The transactional outbox pattern solves this by writing the event to an outbox table in the same database transaction as the business data write. The two writes are atomic: either both happen or neither does. A separate relay process (sometimes called a message relay or CDC, Change Data Capture, connector) reads the outbox table and publishes events to the broker. The relay retries failed publishes. The outbox entry is marked as published only after the broker confirms receipt.

The relay process introduces at-least-once delivery: if the relay crashes after publishing but before marking the outbox entry as published, it will publish the event again on restart. Consumers must therefore be idempotent: designed to handle receiving the same event more than once without double-processing.

An operation is idempotent if applying it multiple times produces the same result as applying it once. In distributed systems where retries are unavoidable (due to network timeouts, service restarts, and at-least-once message delivery), idempotency is a correctness requirement, not an optimisation.

The standard implementation uses caller-provided idempotency keys: a UUID generated by the caller for each distinct operation. The server stores the result of the first call indexed by that key.
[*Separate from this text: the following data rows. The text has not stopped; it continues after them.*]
lemma span_eigenvectors: "vec.span eigenvectors = UNIV"
proof -
  have "card eigenvectors = vec.dim (UNIV :: ('a^'n) set)"
    using inj_on_eigenvector by (simp add: card_image card_cart_basis)
  then show ?thesis
    using independent_eigenvectors vec.card_eq_dim[of eigenvectors UNIV] by auto
qed

definition coord :: "nat \<Rightarrow> 'a^'n \<Rightarrow> 'a" where
  "coord k x = vec.representation eigenvectors x (u k)"

lemma coord_add: "coord k (x + y) = coord k x + coord k y"
  and coord_scale: "coord k (c *s x) = c * coord k x"
  by (simp_all add: coord_def span_eigenvectors independent_eigenvectors
      vec.representation_add vec.representation_scale)

lemma coord_sum: "coord k (\<Sum>j\<in>J. f j) = (\<Sum>j\<in>J. coord k (f j))"
  by (simp add: coord_def span_eigenvectors independent_eigenvectors vec.representation_sum)

lemma coord_eigenvector:
  "k < CARD('n) \<Longrightarrow> j < CARD('n) \<Longrightarrow> coord k (u j) = (if j = k then 1 else 0)"
  using inj_on_eigenvector
  by (simp add: coord_def vec.representation_basis independent_eigenvectors inj_on_eq_iff)

lemma eigenvector_expansion: "x = (\<Sum>k<CARD('n). coord k x *s u k)"
  using vec.sum_representation_eq[of eigenvectors x eigenvectors]
    independent_eigenvectors span_eigenvectors
  by (simp add: coord_def sum.reindex[OF inj_on_eigenvector])

lemma idem_mult_eq_coord: "k < CARD('n) \<Longrightarrow> E k *v x = coord k x *s u k"
  by (subst eigenvector_expansion[of x])
     (simp add: vec.linear_sum vector_scalar_commute idem_mult_eigenvector if_distrib cong: if_cong)

lemma coord_matrix_mult: "coord k (X *v x) = (\<Sum>l<CARD('n). coord k (X *v u l) * coord l x)"
  by (subst eigenvector_expansion[of x])
     (simp add: vec.linear_sum vector_scalar_commute coord_sum coord_scale mult.commute)

lemma sandwich_eq_0_iff:
  assumes i: "i < CARD('n)" and j: "j < CARD('n)"
  shows "E i ** X ** E j = 0 \<longleftrightarrow> coord i (X *v u j) = 0"
proof
  assume "E i ** X ** E j = 0"
  then have "(E i ** X ** E j) *v u j = 0" by simp
  then show "coord i (X *v u j) = 0"
    using eigenvector_nonzero[OF i]
    by (simp add: matrix_vector_mul_assoc[symmetric] idem_mult_eq_coord i j coord_eigenvector)
next
  assume "coord i (X *v u j) = 0"
  then show "E i ** X ** E j = 0"
    by (simp add: matrix_eq matrix_vector_mul_assoc[symmetric] idem_mult_eq_coord i j
        vector_scalar_commute coord_scale)
qed

definition coord_form :: "(nat \<Rightarrow> 'a) \<Rightarrow> 'a^'n \<Rightarrow> 'a^'n \<Rightarrow> 'a" where
  "coord_form m x y = (\<Sum>k<CARD('n). m k * coord k x * coord k y)"

lemma bilinear_form_coord_form: "bilinear_form (coord_form m)"
  by (simp add: bilinear_form_def coord_form_def coord_add coord_scale sum.distrib
      sum_distrib_left algebra_simps)

lemma nondegenerate_coord_form:
  assumes "\<And>k. k < CARD('n) \<Longrightarrow> m k \<noteq> 0"
  shows "nondegenerate (coord_form m)"
  unfolding nondegenerate_def
proof (intro allI impI)
  fix x assume zero: "\<forall>y. coord_form m x y = 0"
  have "coord j x = 0" if j: "j < CARD('n)" for j
  proof -
    have "coord_form m x (u j) = m j * coord j x"
      using j by (simp add: coord_form_def coord_eigenvector if_distrib cong: if_cong)
    then show ?thesis using zero assms j by simp
  qed
  then show "x = 0" by (subst eigenvector_expansion) simp
qed

lemma self_adjoint_coord_form:
  assumes symm: "\<And>k l. k < CARD('n) \<Longrightarrow> l < CARD('n) \<Longrightarrow>
                   m k * coord k (X *v u l) = m l * coord l (X *v u k)"
  shows "self_adjoint (coord_form m) X"
  unfolding self_adjoint_def
proof (intro allI)
  fix x y
  have "coord_form m (X *v x) y =
      (\<Sum>k<CARD('n). \<Sum>l<CARD('n). m k * coord k (X *v u l) * coord l x * coord k y)"
    by (simp add: coord_form_def coord_matrix_mult[of _ X x] sum_distrib_left sum_distrib_right
        mult.assoc)
  also have "\<dots> = (\<Sum>k<CARD('n). \<Sum>l<CARD('n). m l * coord l (X *v u k) * coord l x * coord k y)"
    by (intro sum.cong refl) (simp add: symm)
  also have "\<dots> = coord_form m x (X *v y)"
    by (subst sum.swap)
       (simp add: coord_form_def coord_matrix_mult[of _ X y] sum_distrib_left mult_ac)
  finally show "coord_form m (X *v x) y = coord_form m x (X *v y)" .
qed

lemma exists_form_self_adjoint:
  assumes "lower_cond E X" and "upper_cond E X"
  obtains B where "bilinear_form B" "nondegenerate B" "self_adjoint B M" "self_adjoint B X"
proof -
  define T where "T k l = coord k (X *v u l)" for k l
  have outside: "T k l = 0 \<and> T l k = 0" if "l + 1 < k" "k < CARD('n)" for k l
  proof -
    have "E k ** X ** E l = 0" "E l ** X ** E k = 0"
      using assms that unfolding lower_cond_def upper_cond_def by simp_all
    then show ?thesis using that sandwich_eq_0_iff unfolding T_def by simp
  qed
  have upper: "T k (Suc k) \<noteq> 0" and lower: "T (Suc k) k \<noteq> 0" if "Suc k < CARD('n)" for k
  proof -
    have "E k ** X ** E (Suc k) \<noteq> 0" "E (Suc k) ** X ** E k \<noteq> 0"
      using assms that unfolding lower_cond_def upper_cond_def by simp_all
    then show "T k (Suc k) \<noteq> 0" "T (Suc k) k \<noteq> 0"
      using that sandwich_eq_0_iff unfolding T_def by simp_all
  qed
  obtain m where nonzero: "\<And>k. k < CARD('n) \<Longrightarrow> m k \<noteq> 0"
    and symm: "\<And>k l. k < CARD('n) \<Longrightarrow> l < CARD('n) \<Longrightarrow> m k * T k l = m l * T l k"
    using tridiagonal_symmetrizable[where T = T, OF outside upper lower] by blast
  have M_self_adjoint: "self_adjoint (coord_form m) M"
    by (rule self_adjoint_coord_form) (simp add: eigenvector coord_scale coord_eigenvector)
  have X_self_adjoint: "self_adjoint (coord_form m) X"
    using symm unfolding T_def by (rule self_adjoint_coord_form)
  show ?thesis
    using bilinear_form_coord_form nondegenerate_coord_form[OF nonzero] M_self_adjoint X_self_adjoint
    by (rule that)
qed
On a retry with the same key, the server returns the stored result rather than processing the operation again. Stripe, Adyen, PayPal, and all major payment providers implement this pattern. The key is typically valid for 24 hours.

API versioning addresses how service contracts evolve over time without breaking existing consumers. URL versioning (/api/v2/orders) is the most widely adopted approach in production APIs: GitHub, Stripe, and Twilio all use it. The evolution rules are: new optional fields can be added without a version bump (consumers following the Tolerant Reader pattern ignore unknown fields); removing fields, renaming fields, or changing types requires a new version; maintain at least two versions simultaneously and give consumers a minimum six-month migration window before deprecating the old version.